Technically, this solution consists of two main parts. The first part involves writing the server-side code to handle the request from the user to generate a document. The same server-side code uses the SDK to build the actual Office file. The second part is the client-side code that enables the user to open or save the document locally. Figure 17-1 illustrates the process, which I’ll describe in more detail as this chapter progresses.

In the remainder of this section, I’ll demonstrate this technique by showing you how to build a Word document that contains a summary of timesheet entries.

Installing the OpenXML SDK

To use the OpenXML SDK, download and install the SDK from the Microsoft website. To do this, download the Open XML SDK 2.5 for Office package from the following page:

http://www.microsoft.com/en-gb/download/details.aspx?id=30425

The download package includes two files: the OpenXML SDK installer and an OpenXML SDK tool (Figure 17-2). Make sure to include the OpenXML SDK tool (OpenXMLSDKToolV25.msi). This tool provides code-generation and document-validation features that will help you more easily work with the SDK.

Implementing the Command Pattern

Before we write the document-generation code, there are some preparatory tasks we need to carry out. The first is to build the framework that allows users to initiate the server-side document-generation process.

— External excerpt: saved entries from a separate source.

text \<open>Conversely, if w has a unique maximiser on P_B then it has a strict argmax on every
  member of B: otherwise two different weak argmaxes on some I give two choice points,
  both maximisers, that differ in a coordinate.\<close>
lemma unique_maximizer_is_choice_point:
  fixes B :: "('a::finite) set set"
  assumes ne: "\<forall>I\<in>B. I \<noteq> {}" and u: "unique_maximizer w (nestohedron B) x"
  obtains c where "\<forall>I\<in>B. strict_argmax w I (c I)" "x = choice_point B c"
proof -
  have uq: "\<And>y. maximizer w (nestohedron B) y \<Longrightarrow> y = x"
    using u by (simp add: unique_maximizer_def)
  have "\<forall>I\<in>B. \<exists>m\<in>I. \<forall>k\<in>I. w k \<le> w m"
    using ne finite_has_argmax[of _ w] by simp
  then obtain c where c: "\<forall>I\<in>B. c I \<in> I \<and> (\<forall>k\<in>I. w k \<le> w (c I))"
    using bchoice[of B "\<lambda>I m. m \<in> I \<and> (\<forall>k\<in>I. w k \<le> w m)"] by blast
  have c_max: "maximizer w (nestohedron B) (choice_point B c)"
    using c by (intro choice_point_maximizer) auto
  have strict: "\<forall>I\<in>B. strict_argmax w I (c I)"
  proof (rule ccontr)
    assume "\<not> ?thesis"
    then obtain I k where I: "I \<in> B" and k: "k \<in> I" "k \<noteq> c I" "\<not> w k < w (c I)"
      using c unfolding strict_argmax_def by blast
    then have tie: "w k = w (c I)" using c by (meson antisym not_less)
    define c' where "c' = c(I := k)"
    have c'_max: "maximizer w (nestohedron B) (choice_point B c')"
      using c k I tie by (intro choice_point_maximizer) (auto simp: c'_def)
    have same: "choice_point B c' = choice_point B c" using uq[OF c'_max] uq[OF c_max] by simp
    have "card {J\<in>B. c' J = k} = card {J\<in>B. c J = k}"
      using arg_cong[OF same, of "\<lambda>x. x $ k"] by (simp add: choice_point_component)
    moreover have "{J\<in>B. c' J = k} = insert I {J\<in>B. c J = k}" "I \<notin> {J\<in>B. c J = k}"
      using I k by (auto simp: c'_def)
    ultimately show False by simp
  qed
  moreover have "x = choice_point B c" using uq[OF c_max] by simp
  ultimately show ?thesis by (rule that)
qed

text \<open>A choice point determines the strict-argmax choice function producing it: comparing
  the values of the functional forces every other valid choice to pick the argmax.\<close>
lemma choice_point_inj:
  fixes w :: "'a::finite \<Rightarrow> real"
  assumes c: "\<forall>I\<in>B. strict_argmax w I (c I)" and c': "\<forall>I\<in>B. c' I \<in> I"
    and eq: "choice_point B c' = choice_point B c"
  shows "\<forall>I\<in>B. c' I = c I"
proof -
  have le: "\<forall>I\<in>B. w (c' I) \<le> w (c I)" using c c' by (meson strict_argmax_le)
  have "(\<Sum>I\<in>B. w (c I) - w (c' I)) = 0"
    using arg_cong[OF eq, of "pairing w"] by (simp add: pairing_choice_point sum_subtractf)
  then have "\<forall>I\<in>B. w (c I) = w (c' I)"
    using sum_nonneg_eq_0_iff[of B "\<lambda>I. w (c I) - w (c' I)"] le by auto
  then show ?thesis using c c' unfolding strict_argmax_def by (metis less_irrefl)
qed

lemma unique_maximizer_choice_point_iff:
  fixes w w' :: "'a::finite \<Rightarrow> real"
  assumes c: "\<forall>I\<in>B. strict_argmax w I (c I)"
  shows "unique_maximizer w' (nestohedron B) (choice_point B c) \<longleftrightarrow>
         (\<forall>I\<in>B. strict_argmax w' I (c I))"
proof
  assume u: "unique_maximizer w' (nestohedron B) (choice_point B c)"
  have "\<forall>I\<in>B. I \<noteq> {}" using c by (auto simp: strict_argmax_def)
  then obtain c' where c': "\<forall>I\<in>B. strict_argmax w' I (c' I)"
    and eq: "choice_point B c = choice_point B c'"
    using unique_maximizer_is_choice_point u by metis
  have "\<forall>I\<in>B. c' I = c I"
    using choice_point_inj[OF c] c' eq by (simp add: strict_argmax_def)
  with c' show "\<forall>I\<in>B. strict_argmax w' I (c I)" by simp
qed (rule choice_point_unique_maximizer)
(* For any $a,b,\alpha,\beta$ and any natural number $n\ge1$, \[ \Psi\left(\begin{array}{cc|c} a & b & n \\ \alpha & \beta & \lfloor n/2\rfloor \end{array}\right)=(-1)^{\lfloor n/2\rfloor}\Psi(\alpha,\beta,n),\qquad \Phi\left(\begin{array}{cc|c} a & b & n \\ \alpha & \beta & \lfloor (n-1)/2\rfloor \end{array}\right)=(-1)^{\lfloor (n-1)/2\rfloor}\Phi(\alpha,\beta,n). \]
   Context: $\delta(m)=1$ for $m$ odd, $0$ for $m$ even; $\lfloor\cdot\rfloor$ is the floor. $\Psi(a,b,n)$, $\Phi(a,b,n)$ are defined by $\Psi(a,b,0)=2$, $\Psi(a,b,1)=1$, $\Psi(a,b,n+1)=(2a-b)^{\delta(n)}\Psi(a,b,n)-a\Psi(a,b,n-1)$ and $\Phi(a,b,0)=0$, $\Phi(a,b,1)=1$, $\Phi(a,b,n+1)=(2a-b)^{\delta(n+1)}\Phi(a,b,n)-a\Phi(a,b,n-1)$. For indeterminates $a,b,\alpha,\beta$ and $n\ge1$, $\Psi\left(\begin{array}{cc|c} a & b & n \\ \alpha & \beta & r \end{array}\right)$ ($0\le r\le\lfloor n/2\rfloor$) and $\Phi\left(\begin{array}{cc|c} a & b & n \\ \alpha & \beta & r \end{array}\right)$ ($0\le r\le\lfloor (n-1)/2\rfloor$) are the unique polynomials in $\mathbb{Z}[a,b,\alpha,\beta]$ such that, identically in $x,y$, $(\beta a-\alpha b)^{\lfloor n/2\rfloor}\frac{x^n+y^n}{(x+y)^{\delta(n)}}=\sum_{r}\Psi\left(\begin{array}{cc|c} a & b & n \\ \alpha & \beta & r \end{array}\right)(\alpha x^2+\beta xy+\alpha y^2)^{\lfloor n/2\rfloor-r}(ax^2+bxy+ay^2)^r$ and $(\beta a-\alpha b)^{\lfloor (n-1)/2\rfloor}\frac{x^n-y^n}{(x-y)(x+y)^{\delta(n-1)}}=\sum_{r}\Phi\left(\begin{array}{cc|c} a & b & n \\ \alpha & \beta & r \end{array}\right)(\alpha x^2+\beta xy+\alpha y^2)^{\lfloor (n-1)/2\rfloor-r}(ax^2+bxy+ay^2)^r$. For numerical values of $a,b,\alpha,\beta$ they are evaluated. *)

theory Defs
  imports "HOL-Computational_Algebra.Polynomial"
begin

definition delta :: "nat \<Rightarrow> nat" where
  "delta m = (if odd m then 1 else 0)"

fun Psi :: "'a::comm_ring_1 \<Rightarrow> 'a \<Rightarrow> nat \<Rightarrow> 'a" where
  "Psi a b 0 = 2"
| "Psi a b (Suc 0) = 1"
| "Psi a b (Suc (Suc n)) =
     (2*a - b) ^ delta (Suc n) * Psi a b (Suc n) - a * Psi a b n"

fun Phi :: "'a::comm_ring_1 \<Rightarrow> 'a \<Rightarrow> nat \<Rightarrow> 'a" where
  "Phi a b 0 = 0"
| "Phi a b (Suc 0) = 1"
| "Phi a b (Suc (Suc n)) =
     (2*a - b) ^ delta (Suc (Suc n)) * Phi a b (Suc n) - a * Phi a b n"

text \<open>The polynomial ring Z[a,b,alpha,beta], realised as nested univariate
  polynomials, and its four indeterminates.\<close>
type_synonym R4 = "int poly poly poly poly"

definition Xa :: R4 where "Xa = [:[:[:[:0, 1:]:]:]:]"
definition Xb :: R4 where "Xb = [:[:[:0, 1:]:]:]"
definition Xalpha :: R4 where "Xalpha = [:[:0, 1:]:]"
definition Xbeta :: R4 where "Xbeta = [:0, 1:]"

text \<open>They are the unique coefficient families (indexed by r, zero outside the
  admissible range) satisfying the defining identity identically in x, y.
  The division by (x+y)^delta(n) (resp. (x-y)(x+y)^delta(n-1)) is cleared by
  multiplying both sides, which is equivalent over an integral domain.\<close>
definition Psi_coef :: "'a::comm_ring_1 \<Rightarrow> 'a \<Rightarrow> 'a \<Rightarrow> 'a \<Rightarrow> nat \<Rightarrow> nat \<Rightarrow> 'a" where
  "Psi_coef a b \<alpha> \<beta> n = (THE c. (\<forall>r. n div 2 < r \<longrightarrow> c r = 0) \<and>
     (\<forall>x y. (\<beta>*a - \<alpha>*b) ^ (n div 2) * (x^n + y^n) =
        (x + y) ^ delta n *
        (\<Sum>r\<le>n div 2. c r * (\<alpha>*x^2 + \<beta>*x*y + \<alpha>*y^2) ^ (n div 2 - r)
                           * (a*x^2 + b*x*y + a*y^2) ^ r)))"

definition Phi_coef :: "'a::comm_ring_1 \<Rightarrow> 'a \<Rightarrow> 'a \<Rightarrow> 'a \<Rightarrow> nat \<Rightarrow> nat \<Rightarrow> 'a" where
  "Phi_coef a b \<alpha> \<beta> n = (THE c. (\<forall>r. (n - 1) div 2 < r \<longrightarrow> c r = 0) \<and>
     (\<forall>x y. (\<beta>*a - \<alpha>*b) ^ ((n - 1) div 2) * (x^n - y^n) =
        (x - y) * (x + y) ^ delta (n - 1) *
        (\<Sum>r\<le>(n - 1) div 2. c r * (\<alpha>*x^2 + \<beta>*x*y + \<alpha>*y^2) ^ ((n - 1) div 2 - r)
                           * (a*x^2 + b*x*y + a*y^2) ^ r)))"

end

theory Submission
  imports Defs
begin

(* Put A = \<alpha>x\<^sup>2 + \<beta>xy + \<alpha>y\<^sup>2, B = ax\<^sup>2 + bxy + ay\<^sup>2 and D = \<beta>a - \<alpha>b.  Then
   D(x\<^sup>2 + y\<^sup>2) = \<beta>B - bA and D xy = aA - \<alpha>B.  The power sums T_k = x^(2k+e) \<plusminus> y^(2k+e)
   satisfy T_(k+2) = (x\<^sup>2 + y\<^sup>2) T_(k+1) - (xy)\<^sup>2 T_k, hence D^k T_k is the cleared
   denominator F(x,y) times a binary form of degree k in A, B whose coefficient polynomial
   G_k(t) (t^r standing for A^(k-r) B^r) obeys G_(k+2) = (\<beta>t - b) G_(k+1) - (a - \<alpha>t)\<^sup>2 G_k.
   Its leading coefficient therefore satisfies X_(k+2) = \<beta> X_(k+1) - \<alpha>\<^sup>2 X_k, which up to
   the sign (-1)^k is the two-step recurrence of Psi(\<alpha>,\<beta>,_) and Phi(\<alpha>,\<beta>,_).  The
   coefficients are unique because A and B are coprime: U A + V B = D\<^sup>2 for suitable
   quadratics U, V, and D \<noteq> 0, \<alpha> \<noteq> 0. *)

definition homogenize :: "nat \<Rightarrow> 'a::comm_ring_1 poly \<Rightarrow> 'a \<Rightarrow> 'a \<Rightarrow> 'a" where
  "homogenize k G A B = (\<Sum>r\<le>k. coeff G r * A^(k - r) * B^r)"

lemma homogenize_add: "homogenize k (G + H) A B = homogenize k G A B + homogenize k H A B"
  by (simp add: homogenize_def algebra_simps sum.distrib)

lemma homogenize_diff: "homogenize k (G - H) A B = homogenize k G A B - homogenize k H A B"
  by (simp add: homogenize_def algebra_simps sum_subtractf)

lemma homogenize_smult: "homogenize k (smult u G) A B = u * homogenize k G A B"
  by (simp add: homogenize_def sum_distrib_left algebra_simps)

lemma homogenize_pCons_0: "homogenize (Suc k) (pCons 0 G) A B = B * homogenize k G A B"
  unfolding homogenize_def
  by (subst sum.atMost_Suc_shift) (simp add: sum_distrib_left algebra_simps)

lemma homogenize_Suc:
  assumes "degree G \<le> k"
  shows "homogenize (Suc k) G A B = A * homogenize k G A B"
proof -
  have "coeff G (Suc k) = 0"
    using assms by (simp add: coeff_eq_0)
  then have "homogenize (Suc k) G A B = (\<Sum>r\<le>k. A * (coeff G r * A^(k - r) * B^r))"
    unfolding homogenize_def by (auto simp: Suc_diff_le intro!: sum.cong)
  then show ?thesis
    by (simp add: homogenize_def sum_distrib_left)
qed

lemma homogenize_linear_mult:
  assumes "degree G \<le> k"
  shows "homogenize (Suc k) ([:l, u:] * G) A B = (l * A + u * B) * homogenize k G A B"
  using assms
  by (simp add: homogenize_add homogenize_Suc homogenize_pCons_0 homogenize_smult algebra_simps)

fun AB_poly :: "'a::comm_ring_1 \<Rightarrow> 'a \<Rightarrow> 'a \<Rightarrow> 'a \<Rightarrow> 'a \<Rightarrow> 'a poly \<Rightarrow> nat \<Rightarrow> 'a poly" where
  "AB_poly a b \<alpha> \<beta> g0 G1 0 = [:g0:]"
| "AB_poly a b \<alpha> \<beta> g0 G1 (Suc 0) = G1"
| "AB_poly a b \<alpha> \<beta> g0 G1 (Suc (Suc k)) =
     [:-b, \<beta>:] * AB_poly a b \<alpha> \<beta> g0 G1 (Suc k)
     - [:a, -\<alpha>:] * ([:a, -\<alpha>:] * AB_poly a b \<alpha> \<beta> g0 G1 k)"
lemma surj_num_0_left: "surj_num 0 t = (if t = 0 then 1 else 0)"
proof -
  have "surj_num 0 t = (\<Sum>j\<le>t. int (t choose j) * 1 ^ j * (-1) ^ (t - j))"
    by (simp add: surj_num_def mult.commute)
  also have "\<dots> = (1 + (-1)) ^ t"
    by (rule binomial_ring[symmetric])
  finally show ?thesis by simp
qed

lemma surj_num_Suc_0: "surj_num (Suc h) 0 = 0"
  by (simp add: surj_num_def)

lemma surj_num_Suc_Suc: "surj_num (Suc h) (Suc t) = int (Suc t) * (surj_num h (Suc t) + surj_num h t)"
proof -
  let ?c = "\<lambda>k. int (Suc k) ^ h"
  have shift1: "surj_num h (Suc t) = (-1) ^ Suc t * 0 ^ h
      + (\<Sum>k\<le>t. (-1) ^ (t - k) * int (Suc t choose Suc k) * ?c k)"
    unfolding surj_num_def by (subst sum.atMost_Suc_shift) simp
  have "surj_num h t = (\<Sum>j\<le>Suc t. (-1) ^ (t - j) * int (t choose j) * int j ^ h)"
    unfolding surj_num_def by (simp add: sum.atMost_Suc)
  also have "\<dots> = (-1) ^ t * 0 ^ h + (\<Sum>k\<le>t. (-1) ^ (t - Suc k) * int (t choose Suc k) * ?c k)"
    by (subst sum.atMost_Suc_shift) simp
  finally have shift2: "surj_num h t
      = (-1) ^ t * 0 ^ h + (\<Sum>k\<le>t. (-1) ^ (t - Suc k) * int (t choose Suc k) * ?c k)" .
  have "surj_num h (Suc t) + surj_num h t = (\<Sum>k\<le>t. ((-1) ^ (t - k) * int (Suc t choose Suc k)
                  + (-1) ^ (t - Suc k) * int (t choose Suc k)) * ?c k)"
    unfolding shift1 shift2 by (simp add: sum.distrib algebra_simps)
  also have "\<dots> = (\<Sum>k\<le>t. (-1) ^ (t - k) * int (t choose k) * ?c k)"
  proof (intro sum.cong refl)
    fix k assume "k \<in> {..t}"
    then have "(-1::int) ^ (t - k) * int (t choose Suc k) + (-1) ^ (t - Suc k) * int (t choose Suc k) = 0"
      by (cases "k = t") (simp_all add: Suc_diff_Suc[symmetric])
    then show "((-1) ^ (t - k) * int (Suc t choose Suc k) + (-1) ^ (t - Suc k) * int (t choose Suc k)) * ?c k
        = (-1) ^ (t - k) * int (t choose k) * ?c k"
      by (simp add: algebra_simps)
  qed
  finally have pascal: "surj_num h (Suc t) + surj_num h t
      = (\<Sum>k\<le>t. (-1) ^ (t - k) * int (t choose k) * ?c k)" .
  have "surj_num (Suc h) (Suc t)
      = (\<Sum>k\<le>t. (-1) ^ (t - k) * int (Suc t choose Suc k) * int (Suc k) * ?c k)"
    unfolding surj_num_def by (subst sum.atMost_Suc_shift) (simp add: algebra_simps del: binomial_Suc_Suc)
  also have "\<dots> = (\<Sum>k\<le>t. int (Suc t) * ((-1) ^ (t - k) * int (t choose k) * ?c k))"
  proof (intro sum.cong refl)
    fix k
    have "int (Suc t choose Suc k) * int (Suc k) = int (Suc t) * int (t choose k)"
      using Suc_times_binomial[of k t] by (simp only: of_nat_mult[symmetric] mult.commute)
    then show "(-1) ^ (t - k) * int (Suc t choose Suc k) * int (Suc k) * ?c k
        = int (Suc t) * ((-1) ^ (t - k) * int (t choose k) * ?c k)"
      by (metis (no_types, lifting) mult.assoc mult.left_commute)
  qed
  also have "\<dots> = int (Suc t) * (surj_num h (Suc t) + surj_num h t)"
    by (simp add: pascal sum_distrib_left)
  finally show ?thesis .
qed

lemma surj_num_eq_0: "h < t \<Longrightarrow> surj_num h t = 0"
proof (induction h arbitrary: t)
  case 0
  then show ?case by (simp add: surj_num_0_left)
next
  case (Suc h)
  then obtain t' where "t = Suc t'"
    by (cases t) auto
  with Suc show ?case
    by (simp add: surj_num_Suc_Suc)
qed

lemma of_nat_mult_choose:
  "int w * int (w choose t) = int t * int (w choose t) + int (Suc t) * int (w choose Suc t)"
proof (cases "t \<le> w")
  case True
  have "(w - t) * (w choose t) = Suc t * (w choose Suc t)"
    by (simp only: binomial_absorb_comp binomial_absorption)
  then have "int (w - t) * int (w choose t) = int (Suc t) * int (w choose Suc t)"
    by (metis of_nat_mult)
  then show ?thesis
    using True by (simp add: of_nat_diff algebra_simps)
qed (simp add: binomial_eq_0)

text \<open>Counting the maps from an \<open>h\<close>-set to a \<open>w\<close>-set by their image.\<close>

lemma power_eq_sum_surj_num_choose: "int w ^ h = (\<Sum>t\<le>h. surj_num h t * int (w choose t))"
proof (induction h)
  case 0
  then show ?case by (simp add: surj_num_0_left)
next
  case (Suc h)
  have "int w ^ Suc h = (\<Sum>t\<le>h. surj_num h t * (int w * int (w choose t)))"
    using Suc by (simp add: sum_distrib_left algebra_simps)
  also have "\<dots> = (\<Sum>t\<le>h. int t * surj_num h t * int (w choose t))
                 + (\<Sum>t\<le>h. int (Suc t) * surj_num h t * int (w choose Suc t))"
    by (simp add: of_nat_mult_choose sum.distrib algebra_simps)
  also have "(\<Sum>t\<le>h. int t * surj_num h t * int (w choose t))
             = (\<Sum>t\<le>Suc h. int t * surj_num h t * int (w choose t))"
    by (simp add: surj_num_eq_0)
  also have "\<dots> = (\<Sum>t\<le>h. int (Suc t) * surj_num h (Suc t) * int (w choose Suc t))"
    by (subst sum.atMost_Suc_shift) simp
  also have "\<dots> + (\<Sum>t\<le>h. int (Suc t) * surj_num h t * int (w choose Suc t))
             = (\<Sum>t\<le>h. surj_num (Suc h) (Suc t) * int (w choose Suc t))"
    by (simp add: surj_num_Suc_Suc sum.distrib[symmetric] algebra_simps)
  also have "\<dots> = (\<Sum>t\<le>Suc h. surj_num (Suc h) t * int (w choose t))"
    by (subst sum.atMost_Suc_shift) (simp add: surj_num_Suc_0)
  finally show ?case .
qed

section \<open>Power moments of the weights of a binary trace code\<close>

text \<open>The code of all \<open>u \<in> \<bbbF>\<^sub>2\<^sup>V\<close> with \<open>\<Sum>\<^sub>g u(g) v(g) = 0\<close>; its words of weight \<open>i\<close>
  are the \<open>i\<close>-subsets of \<open>V\<close> on which \<open>v\<close> sums to zero.\<close>

locale char2_code = char2_finite_field r TY for r and TY :: "'a::{field,finite} itself" +
  fixes V :: "'b set" and v :: "'b \<Rightarrow> 'a"
  assumes finite_V: "finite V"
begin

definition zero_sum_count :: "nat \<Rightarrow> nat" where
  "zero_sum_count i = card {U. U \<subseteq> V \<and> card U = i \<and> sum v U = 0}"

text \<open>The support of the codeword \<open>g \<mapsto> tr(a v(g))\<close> of the dual code.\<close>

definition char_support :: "'a \<Rightarrow> 'b set" where
  "char_support a = {g\<in>V. lam r (a * v g) = -1}"

lemma sum_lam_eq_card_minus_card_char_support:
  "(\<Sum>g\<in>V. lam r (a * v g)) = int (card V) - 2 * int (card (char_support a))"
proof -
  have "(\<Sum>g\<in>V. lam r (a * v g)) = (\<Sum>g\<in>V. 1 - 2 * of_bool (g \<in> char_support a))"
    using lam_eq_1_or_minus_1 by (intro sum.cong refl) (fastforce simp: char_support_def)
  also have "\<dots> = int (card V) - 2 * int (card (char_support a))"
    using finite_V by (simp add: sum_subtractf sum_distrib_left sum.If_cases char_support_def Int_def)
  finally show ?thesis .
qed

lemma prod_one_minus_lam:
  assumes "T \<subseteq> V"
  shows "(\<Prod>g\<in>T. 1 - lam r (a * v g)) = (if T \<subseteq> char_support a then 2 ^ card T else 0)"
  using finite_subset[OF assms finite_V] assms
proof (induction T rule: finite_induct)
  case (insert x F)
  then show ?case
    using lam_eq_1_or_minus_1[of "a * v x"] by (auto simp: char_support_def)
qed simp

text \<open>Expanding the product and summing the character over \<open>a\<close> picks out the zero-sum subsets.\<close>

lemma card_char_support_superset:
  assumes "T \<subseteq> V"
  shows "2 ^ card T * int (card {a. T \<subseteq> char_support a})
         = int CARD('a) * (\<Sum>U\<in>Pow T. (-1) ^ card U * of_bool (sum v U = 0))"
proof -
  have fin: "finite T"
    using assms finite_V by (rule finite_subset)
  have "2 ^ card T * int (card {a. T \<subseteq> char_support a})
        = (\<Sum>a\<in>UNIV. \<Prod>g\<in>T. - lam r (a * v g) + 1)"
    using prod_one_minus_lam[OF assms] by (simp add: sum.If_cases)
  also have "\<dots> = (\<Sum>a\<in>UNIV. \<Sum>U\<in>Pow T. (\<Prod>g\<in>U. - lam r (a * v g)) * (\<Prod>g\<in>T - U. 1))"
    using fin by (intro sum.cong refl prod_add)
  also have "\<dots> = (\<Sum>a\<in>UNIV. \<Sum>U\<in>Pow T. (-1) ^ card U * lam r (a * sum v U))"
    by (intro sum.cong refl) (simp add: prod_uminus lam_sum sum_distrib_left)
  also have "\<dots> = (\<Sum>U\<in>Pow T. \<Sum>a\<in>UNIV. (-1) ^ card U * lam r (a * sum v U))"
    by (rule sum.swap)
  also have "\<dots> = int CARD('a) * (\<Sum>U\<in>Pow T. (-1) ^ card U * of_bool (sum v U = 0))"
  proof -
    have "(\<Sum>a\<in>UNIV. lam r (a * s)) = (if s = 0 then int CARD('a) else 0)" for s :: 'a
      using sum_lam_mult[of s] by (simp add: mult.commute)
    then have "(-1) ^ card U * (\<Sum>a\<in>UNIV. lam r (a * sum v U))
               = int CARD('a) * ((-1) ^ card U * of_bool (sum v U = 0))" for U
      by simp
    then show ?thesis
      by (simp add: sum_distrib_left)
  qed
  finally show ?thesis .
qed

lemma sum_card_char_support_choose:
  "(\<Sum>a\<in>UNIV. card (char_support a) choose t) = (\<Sum>T\<in>{T. T \<subseteq> V \<and> card T = t}. card {a. T \<subseteq> char_support a})"
proof -
  let ?T = "{T. T \<subseteq> V \<and> card T = t}"
  have fin: "finite ?T"
    by (rule finite_subset[of _ "Pow V"]) (use finite_V in auto)
  have "card (char_support a) choose t = (\<Sum>T\<in>?T. of_bool (T \<subseteq> char_support a))" for a
  proof -
    have "card (char_support a) choose t = card {T. T \<subseteq> char_support a \<and> card T = t}"
      using finite_V by (intro n_subsets[symmetric]) (simp add: char_support_def)
    also have "{T. T \<subseteq> char_support a \<and> card T = t} = ?T \<inter> {T. T \<subseteq> char_support a}"
      by (auto simp: char_support_def)
    finally show ?thesis
      using fin by simp
  qed
  then have "(\<Sum>a\<in>UNIV. card (char_support a) choose t) = (\<Sum>T\<in>?T. \<Sum>a\<in>UNIV. of_bool (T \<subseteq> char_support a))"
    by (simp only: sum.swap[of _ UNIV])
  then show ?thesis
    by simp
qed

lemma sum_card_char_support_choose_eq:
  "2 ^ t * (\<Sum>a\<in>UNIV. int (card (char_support a) choose t))
   = int CARD('a) * (\<Sum>i\<le>card V. (-1) ^ i * int (zero_sum_count i)
                       * int (ibinom (int (card V) - int i) (int (card V) - int t)))"
proof -
  let ?N = "card V"
  let ?F = "\<lambda>U. (-1) ^ card U * of_bool (sum v U = 0) :: int"
  have "2 ^ t * (\<Sum>a\<in>UNIV. int (card (char_support a) choose t))
        = 2 ^ t * int (\<Sum>T\<in>{T. T \<subseteq> V \<and> card T = t}. card {a. T \<subseteq> char_support a})"
    by (simp only: sum_card_char_support_choose flip: of_nat_sum)
  also have "\<dots> = (\<Sum>T\<in>{T. T \<subseteq> V \<and> card T = t}. 2 ^ card T * int (card {a. T \<subseteq> char_support a}))"
    unfolding of_nat_sum sum_distrib_left by (intro sum.cong) auto
  also have "\<dots> = (\<Sum>T\<in>{T. T \<subseteq> V \<and> card T = t}. int CARD('a) * (\<Sum>U\<in>Pow T. ?F U))"
    by (rule sum.cong[OF refl], rule card_char_support_superset) simp
  also have "\<dots> = int CARD('a) * (\<Sum>T\<in>{T. T \<subseteq> V \<and> card T = t}. \<Sum>U\<in>Pow T. ?F U)"
    by (rule sum_distrib_left[symmetric])
  also have "\<dots> = int CARD('a) * (\<Sum>U\<in>Pow V. int (card {T. T \<subseteq> V \<and> card T = t \<and> U \<subseteq> T}) * ?F U)"
    by (simp add: sum_subsets_sum_Pow finite_V)
  also have "(\<Sum>U\<in>Pow V. int (card {T. T \<subseteq> V \<and> card T = t \<and> U \<subseteq> T}) * ?F U)
             = (\<Sum>U\<in>Pow V. ((-1) ^ card U * int (ibinom (int ?N - int (card U)) (int ?N - int t)))
                              * of_bool (sum v U = 0))"
    using finite_V
    by (intro sum.cong refl) (simp add: card_supersets_of_card ibinom_diff_eq card_mono)
  also have "\<dots> = (\<Sum>i\<le>?N. ((-1) ^ i * int (ibinom (int ?N - int i) (int ?N - int t)))
                                  * (\<Sum>U\<in>{U. U \<subseteq> V \<and> card U = i}. of_bool (sum v U = 0)))"
    by (rule sum_Pow_by_card[OF finite_V])
  also have "\<dots> = (\<Sum>i\<le>?N. (-1) ^ i * int (zero_sum_count i) * int (ibinom (int ?N - int i) (int ?N - int t)))"
  proof -
    have "finite {U. U \<subseteq> V \<and> card U = i}" for i
      by (rule finite_subset[of _ "Pow V"]) (use finite_V in auto)
    then show ?thesis
      by (simp add: zero_sum_count_def Int_def conj_assoc mult_ac)
  qed
  finally show ?thesis .
qed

When Microsoft first released LightSwitch, there was no simple way for developers to call server code from LightSwitch screens. To overcome this problem, a popular workaround was to use a technique called the command (or operation table) pattern. This technique still plays a useful role in LightSwitch development today. The technique relies on a table that exists for the sole purpose of executing commands. You attach code to the inserting or inserted methods of this table, which enables you to call server-side code by adding rows to your table. If you want to pass arguments to your server-side methods, you must define table properties.

For this example, Figure 17-3 shows the schema of the table that supports the command pattern.

In this example, we’ll add code that creates the document to the row inserting method. The EngineerID property enables the user to specify the engineer record that appears in the report. When the server completes the document, it will store the file in the ReportData property within the same table. You can then use the same techniques that I showed you in Chapter 11 to enable users to download and view the file.

Using the SDK to Build a Document

Let’s now look at how to build a document with the Open XML SDK. There are two broad strategies you can adopt. The first approach is to prepare a template document with Microsoft Word. Once you create a template file, you can write code that copies the template document and apply your customizations to the copy. The second approach is to build your document entirely in code. Since the template approach requires far less code, this is the approach that most developers recommend, and this is the technique that I’ll describe in this section.

The first step is to build your template document with Microsoft Word. Figure 17-4 shows the document that I’ll use in this example.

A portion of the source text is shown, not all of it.